This function reads chunks containing a ByteString payload, and then calls paxParser with this ByteString value.

The problem is that sometimes this ByteString value is truncated, for example:

"70 path=very/very/very/very/long/file/path/that/got/tru"

The "70" indicates the length and you can see it got truncated and there is also no trailing "\n" char.

Immediately afterwards my traces show that there is a ChunkPayload containing the rest of the header ("ncated.txt\n").

When paxParser is called with the truncated header, the parse fails and the header is ignored, causing errors with the file.

So this seems to be an error related to the chunking that is done in conduit, and happens on the rare occasion when a pax header happens to cross a ByteString chunk boundary. When I change the conduit input to be a network stream instead of a file, then I think the input chunking is a bit different, and I get errors in a different pax header entry.

bitc commented 7 months ago

I analysed this further and it was as I suspected above. The bug occurs when the incoming flow of ByteStrings through the conduit are short, and we get lots of small ChunkPayloads instead of one contiguous one.
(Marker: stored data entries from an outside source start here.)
(* Let $K$ be a perfect field of characteristic $p>0$ and let $\theta:K[x]\to K[x^p]$, $\theta(f)=f^p+\frac{d^{p-1}f}{dx^{p-1}}$ (a bijection). Write $g\in K[x^p]$ as $g=\sum_{i=0}^{p-1}\mu_ix^{pi}$ with $\mu_i\in K[x^{p^2}]$, and write $\theta^{-1}(g)=\sum_{i=0}^{p-1}\lambda_ix^i$ with $\lambda_i\in K[x^p]$. Then (1) for $i=0,1,\dots,p-2$: $\displaystyle \lambda_i=\mu_i^{1/p}+F^{-1}\pi_iF^{-1}\sum_{j\ge0}\Delta^j(\mu_{p-1})$; (2) $\displaystyle \lambda_{p-1}=\sum_{i=0}^{p-2}x^{pi}\,\pi_iF^{-1}\sum_{j\ge0}\Delta^j(\mu_{p-1})+x^{p(p-1)}\sum_{j\ge1}\Delta^j(\mu_{p-1})$.
   Context: $F^{-1}$ denotes the inverse of the Frobenius, applied to polynomials in $x^p$: $F^{-1}\big(\sum_j c_jx^{pj}\big)=\sum_j c_j^{1/p}x^{j}$ ($c_j\in K$); in particular $\mu_i^{1/p}:=F^{-1}(\mu_i)\in K[x^p]$, and $F^{-1}$ maps $K[x^{p^2}]\to K[x^p]$ and $K[x^p]\to K[x]$. For $i=0,\dots,p-1$, $\pi_i:K[x^p]\to K[x^{p^2}]$ is the map $\sum_{k=0}^{p-1}a_kx^{pk}\mapsto a_i$ ($a_k\in K[x^{p^2}]$), using $K[x^p]=\bigoplus_{k=0}^{p-1}K[x^{p^2}]x^{pk}$ (in the paper it is expressed as $\partial^{[pi]}\prod_{j\ne i}(x^p\partial^{[p]}-j)/\prod_{j\neq i}(i-j)$ with divided-power derivations $\partial^{[m]}=\frac{d^m}{dx^m}/m!$). $\Delta:=\partial^{[(p-1)p]}F^{-1}:K[x^{p^2}]\to K[x^{p^2}]$ is the $\mathbb{F}_p$-linear map $\sum_{i\ge0}a_ix^{p^2i}\mapsto\sum_{i\ge0}a_{p-1+pi}^{1/p}x^{p^2i}$ ($a_i\in K$), where $\partial^{[m]}(x^k)=\binom{k}{m}x^{k-m}$; $\Delta$ is locally nilpotent, so the sums over $j$ are finite. *)

theory Defs
  imports "HOL-Computational_Algebra.Polynomial"
begin

text \<open>Polynomials lying in K[x^m]: only exponents divisible by m occur.\<close>
definition in_pow_ring :: "nat \<Rightarrow> 'a::zero poly \<Rightarrow> bool" where
  "in_pow_ring m f \<longleftrightarrow> (\<forall>n. coeff f n \<noteq> 0 \<longrightarrow> m dvd n)"

definition proot :: "nat \<Rightarrow> 'a::field \<Rightarrow> 'a" where
  "proot p c = (THE y. y ^ p = c)"

definition theta :: "nat \<Rightarrow> 'a::field poly \<Rightarrow> 'a poly" where
  "theta p f = f ^ p + (pderiv ^^ (p - 1)) f"

text \<open>Inverse Frobenius on K[x^p]: sum c_j x^(pj) maps to sum c_j^(1/p) x^j.\<close>
definition Finv :: "nat \<Rightarrow> 'a::field poly \<Rightarrow> 'a poly" where
  "Finv p f = Poly (map (\<lambda>n. proot p (coeff f (p * n))) [0..<Suc (degree f)])"

text \<open>pi_i : K[x^p] -> K[x^(p^2)], sum_{k<p} a_k x^(pk) maps to a_i.\<close>
definition piP :: "nat \<Rightarrow> nat \<Rightarrow> 'a::field poly \<Rightarrow> 'a poly" where
  "piP p i f = Poly (map (\<lambda>n. if p ^ 2 dvd n then coeff f (n + p * i) else 0)
                        [0..<Suc (degree f)])"

text \<open>Delta : sum a_i x^(p^2 i) maps to sum a_(p-1+pi)^(1/p) x^(p^2 i).\<close>
definition Delta :: "nat \<Rightarrow> 'a::field poly \<Rightarrow> 'a poly" where
  "Delta p g = Poly (map (\<lambda>n. if p ^ 2 dvd n
                                then proot p (coeff g (p ^ 2 * (p - 1) + p * n)) else 0)
                        [0..<Suc (degree g)])"

text \<open>sum_{j>=0} Delta^j(g); Delta lowers the degree of nonconstant polynomials and
  kills constants, so all terms with j > degree g vanish.\<close>
definition Dsum :: "nat \<Rightarrow> 'a::field poly \<Rightarrow> 'a poly" where
  "Dsum p g = (\<Sum>j\<le>degree g. (Delta p ^^ j) g)"

definition Dsum1 :: "nat \<Rightarrow> 'a::field poly \<Rightarrow> 'a poly" where
  "Dsum1 p g = (\<Sum>j\<in>{1..degree g}. (Delta p ^^ j) g)"

end

theory Submission
  imports Defs "HOL-Number_Theory.Residues"
begin

text \<open>The \<open>\<lambda>\<^sub>i \<in> K[x\<^sup>p]\<close> are constants for \<open>d/dx\<close>, so \<open>d\<^sup>p\<^sup>-\<^sup>1/dx\<^sup>p\<^sup>-\<^sup>1\<close> kills all summands
  \<open>\<lambda>\<^sub>i x\<^sup>i\<close> except the last, which by Wilson's theorem becomes \<open>(p - 1)! \<lambda>\<^sub>p\<^sub>-\<^sub>1 = -\<lambda>\<^sub>p\<^sub>-\<^sub>1\<close>;
  together with the Frobenius this gives \<open>\<theta>(f) = \<Sum> \<lambda>\<^sub>i\<^sup>p x\<^sup>p\<^sup>i - \<lambda>\<^sub>p\<^sub>-\<^sub>1\<close>. Comparing components in
  \<open>K[x\<^sup>p] = \<Oplus>\<^sub>i<p K[x^(p^2)] x\<^sup>p\<^sup>i\<close> yields \<open>\<lambda>\<^sub>i = F\<^sup>-\<^sup>1(\<mu>\<^sub>i + \<pi>\<^sub>i \<lambda>\<^sub>p\<^sub>-\<^sub>1)\<close>. For \<open>i = p - 1\<close>, and
  because \<open>\<Delta> = \<pi>\<^sub>p\<^sub>-\<^sub>1 F\<^sup>-\<^sup>1\<close>, this says that \<open>C = \<pi>\<^sub>p\<^sub>-\<^sub>1 \<lambda>\<^sub>p\<^sub>-\<^sub>1\<close> solves \<open>C = \<Delta>(\<mu>\<^sub>p\<^sub>-\<^sub>1 + C)\<close>.
  As \<open>\<Delta>\<close> is additive and nilpotent, the unique solution is \<open>C = \<Sum>\<^sub>j\<^sub>\<ge>\<^sub>1 \<Delta>\<^sup>j \<mu>\<^sub>p\<^sub>-\<^sub>1\<close>; hence
  \<open>\<lambda>\<^sub>p\<^sub>-\<^sub>1 = F\<^sup>-\<^sup>1 \<Sum>\<^sub>j\<^sub>\<ge>\<^sub>0 \<Delta>\<^sup>j \<mu>\<^sub>p\<^sub>-\<^sub>1\<close>, and both formulas follow.\<close>

hide_const (open) UnivPoly.coeff UnivPoly.monom

lemma coeff_Poly_map_upt:
  "coeff (Poly (map h [0..<Suc d])) n = (if n \<le> d then h n else 0)"
  by (simp add: nth_default_def del: upt_Suc)

lemma in_pow_ringD: "in_pow_ring m f \<Longrightarrow> \<not> m dvd n \<Longrightarrow> coeff f n = 0"
  unfolding in_pow_ring_def by blast

lemma coeff_mult_monom_1:
  "coeff (a * monom 1 m) n = (if m \<le> n then coeff a (n - m) else 0)"
  for a :: "'a::comm_semiring_1 poly"
  by (simp add: mult.commute[of a] coeff_monom_mult)

lemma coeff_piP:
  "coeff (piP p i f) n = (if p ^ 2 dvd n then coeff f (n + p * i) else 0)"
  unfolding piP_def coeff_Poly_map_upt by (auto simp: coeff_eq_0)

lemma in_pow_ring_piP: "in_pow_ring (p ^ 2) (piP p i f)"
  unfolding in_pow_ring_def by (simp add: coeff_piP)

lemma piP_diff: "piP p i (a - b) = piP p i a - piP p i b"
  by (rule poly_eqI) (simp add: coeff_piP)

lemma mod_power2_eq_mult_iff:
  fixes p i n :: nat
  assumes "i < p"
  shows "n mod p ^ 2 = p * i \<longleftrightarrow> p * i \<le> n \<and> p ^ 2 dvd n - p * i"
proof
  assume "n mod p ^ 2 = p * i"
  moreover have "n = p ^ 2 * (n div p ^ 2) + n mod p ^ 2" by simp
  ultimately show "p * i \<le> n \<and> p ^ 2 dvd n - p * i"
    by (metis add_diff_cancel_right' dvd_triv_left le_add2)
next
  assume "p * i \<le> n \<and> p ^ 2 dvd n - p * i"
  then have "n = (n - p * i) + p * i" and "(n - p * i) mod p ^ 2 = 0" by auto
  moreover have "p * i < p ^ 2" using assms by (simp add: power2_eq_square)
  ultimately show "n mod p ^ 2 = p * i" by (metis mod_add_left_eq add_0 mod_less)
qed

lemma coeff_mult_monom_in_pow_ring:
  fixes a :: "'a::comm_semiring_1 poly"
  assumes "in_pow_ring (p ^ 2) a" "i < p"
  shows "coeff (a * monom 1 (p * i)) n = (if n mod p ^ 2 = p * i then coeff a (n - p * i) else 0)"
  using in_pow_ringD[OF assms(1), of "n - p * i"]
  by (auto simp: coeff_mult_monom_1 mod_power2_eq_mult_iff[OF assms(2)])

lemma piP_sum_monom:
  assumes "\<forall>i<p. in_pow_ring (p ^ 2) (a i)" "k < p"
  shows "piP p k (\<Sum>i<p. a i * monom 1 (p * i)) = a k"
proof (rule poly_eqI)
  fix n
  show "coeff (piP p k (\<Sum>i<p. a i * monom 1 (p * i))) n = coeff (a k) n"
  proof (cases "p ^ 2 dvd n")
    case True
    then have "(n + p * k) mod p ^ 2 = p * k"
      using mod_power2_eq_mult_iff[OF assms(2)] by simp
    then have "coeff (\<Sum>i<p. a i * monom 1 (p * i)) (n + p * k)
        = (\<Sum>i<p. if i = k then coeff (a i) n else 0)"
      unfolding coeff_sum using assms by (intro sum.cong) (auto simp: coeff_mult_monom_in_pow_ring)
    then show ?thesis using True assms(2) by (simp add: coeff_piP)
  next
    case False
    then show ?thesis using assms in_pow_ringD[of "p ^ 2" "a k" n] by (simp add: coeff_piP)
  qed
qed

lemma sum_piP_monom:
  assumes "in_pow_ring p h" "p > 0"
  shows "(\<Sum>i<p. piP p i h * monom 1 (p * i)) = h"
proof (rule poly_eqI)
  fix n
  have "coeff (\<Sum>i<p. piP p i h * monom 1 (p * i)) n
      = (\<Sum>i<p. if n mod p ^ 2 = p * i then coeff h n else 0)"
    unfolding coeff_sum
    by (intro sum.cong) (auto simp: coeff_mult_monom_in_pow_ring in_pow_ring_piP coeff_piP
                                    mod_power2_eq_mult_iff)
  also have "\<dots> = coeff h n"
  proof (cases "p dvd n")
    case True
    define i where "i = n mod p ^ 2 div p"
    have "p dvd n mod p ^ 2" using True by (simp add: dvd_mod power2_eq_square)
    then have i: "n mod p ^ 2 = p * i" by (simp add: i_def)
    moreover have "i < p"
      using assms(2) by (simp add: i_def div_less_iff_less_mult power2_eq_square mult.commute)
    ultimately have "(\<Sum>j<p. if n mod p ^ 2 = p * j then coeff h n else 0)
        = (\<Sum>j<p. if j = i then coeff h n else 0)"
      using assms(2) by (intro sum.cong) auto
    then show ?thesis using \<open>i < p\<close> by simp
  next
    case False
    then have "coeff h n = 0" by (rule in_pow_ringD[OF assms(1)])
    then show ?thesis by (simp only:) (intro sum.neutral, simp)
  qed
  finally show "coeff (\<Sum>i<p. piP p i h * monom 1 (p * i)) n = coeff h n" .
qed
Here is the "untar, pax interchange format" test that I played around with:

https://github.com/snoyberg/tar-conduit/blob/96b18aadf50c75d2f599b383c35241bc2abb8478/tests/Spec.hs#L313-L318

I can make this test fail by "chopping" the conduit input bytes such that they flow in a single byte at a time:

     it "untar, pax interchange format" $ do
         res <- runConduitRes $
                paxExample
+            .| chop
             .| untar process
             .| sinkList
         pure res `shouldReturn` [("filepath", "payload")]

Here is the "chop" function:

chop :: (MonadIO m) => ConduitT ByteString ByteString m ()
chop = do
  next <- await
  case next of
    Nothing -> pure ()
    Just val -> do
      forM_ (splitEvery 1 (S.unpack val)) $ \chunk -> do
        yield (S.pack chunk)
      chop

splitEvery :: Int -> [a] -> [[a]]
splitEvery n = P.takeWhile (not . P.null) . P.map (P.take n) . P.iterate (P.drop n)

With this modification, the test fails with:

pax
  untar, pax interchange format [✘]

Failures:

  tests/Spec.hs:320:5: 
  1) pax untar, pax interchange format
       uncaught exception: TarException
       UnexpectedPayload 513

I have a fix, I will post it here shortly.

bitc commented 7 months ago

Here is the fix I came up with. parsePax should read all of the ChunkPayloads that are available in the input (instead of just the first). It should concatenate all of their payloads together and then call paxParser on the result.

-parsePax :: Monad m => ConduitM TarChunk TarChunk (StateT PaxState m) PaxHeader
-parsePax = await >>= \case
-    Just (ChunkPayload _ b) -> pure $ paxParser b
-    _ -> pure mempty
+parsePax :: Monad m => ConduitM TarChunk TarChunk (StateT PaxState m) PaxHeader
+parsePax = do
+    payloads <- readAllChunkPayloads []
+    let b = S.concat (reverse payloads)
+    pure $ paxParser b
+
+readAllChunkPayloads :: Monad m => [ByteString] -> ConduitT TarChunk o m [ByteString]
+readAllChunkPayloads accum = do
+    next <- await
+    case next of
+        Nothing -> pure accum
+        Just (ChunkPayload _ b) -> readAllChunkPayloads (b:accum)
+        Just other -> do
+            leftover other
+            pure accum

Someone who is better at conduit than me can probably write this in a more elegant way that is more efficient.

This fixes the original issue I had.

It also fixes the test crash with the "chop" modification I described above in https://github.com/snoyberg/tar-conduit/issues/37#issuecomment-1877639073 (note that the test will still fail, but this time for a different reason -- a flaw in the test assertion can that be easily fixed).

mpilgrem commented 7 months ago

@bitc, I am sorry that #34 was not bug-free. I'll work through your analysis but I'm likely not in a position to do that until the coming weekend.

mpilgrem commented 7 months ago

@bitc, I agree fully with your analysis and I have a pull request that reflects it and your solution: #39. My original mistake was not realising that pax extended header data could be provided in more than one sequential chunk.

The only thing I changed was that it seemed to me that the accumulator could be of type ByteString, rather than going via a list of ByteString and S.concat. I am assuming that in the great majority of cases, in practice, the pax extended header data would be provided in only a small number of sequential chunks.

bitc commented 7 months ago

Thank you! The fix in #39 looks perfect and I have tested it in my code and the problem is gone :+1:

Thank you again for this feature, pax support in tar-conduit is very useful and valuable :100: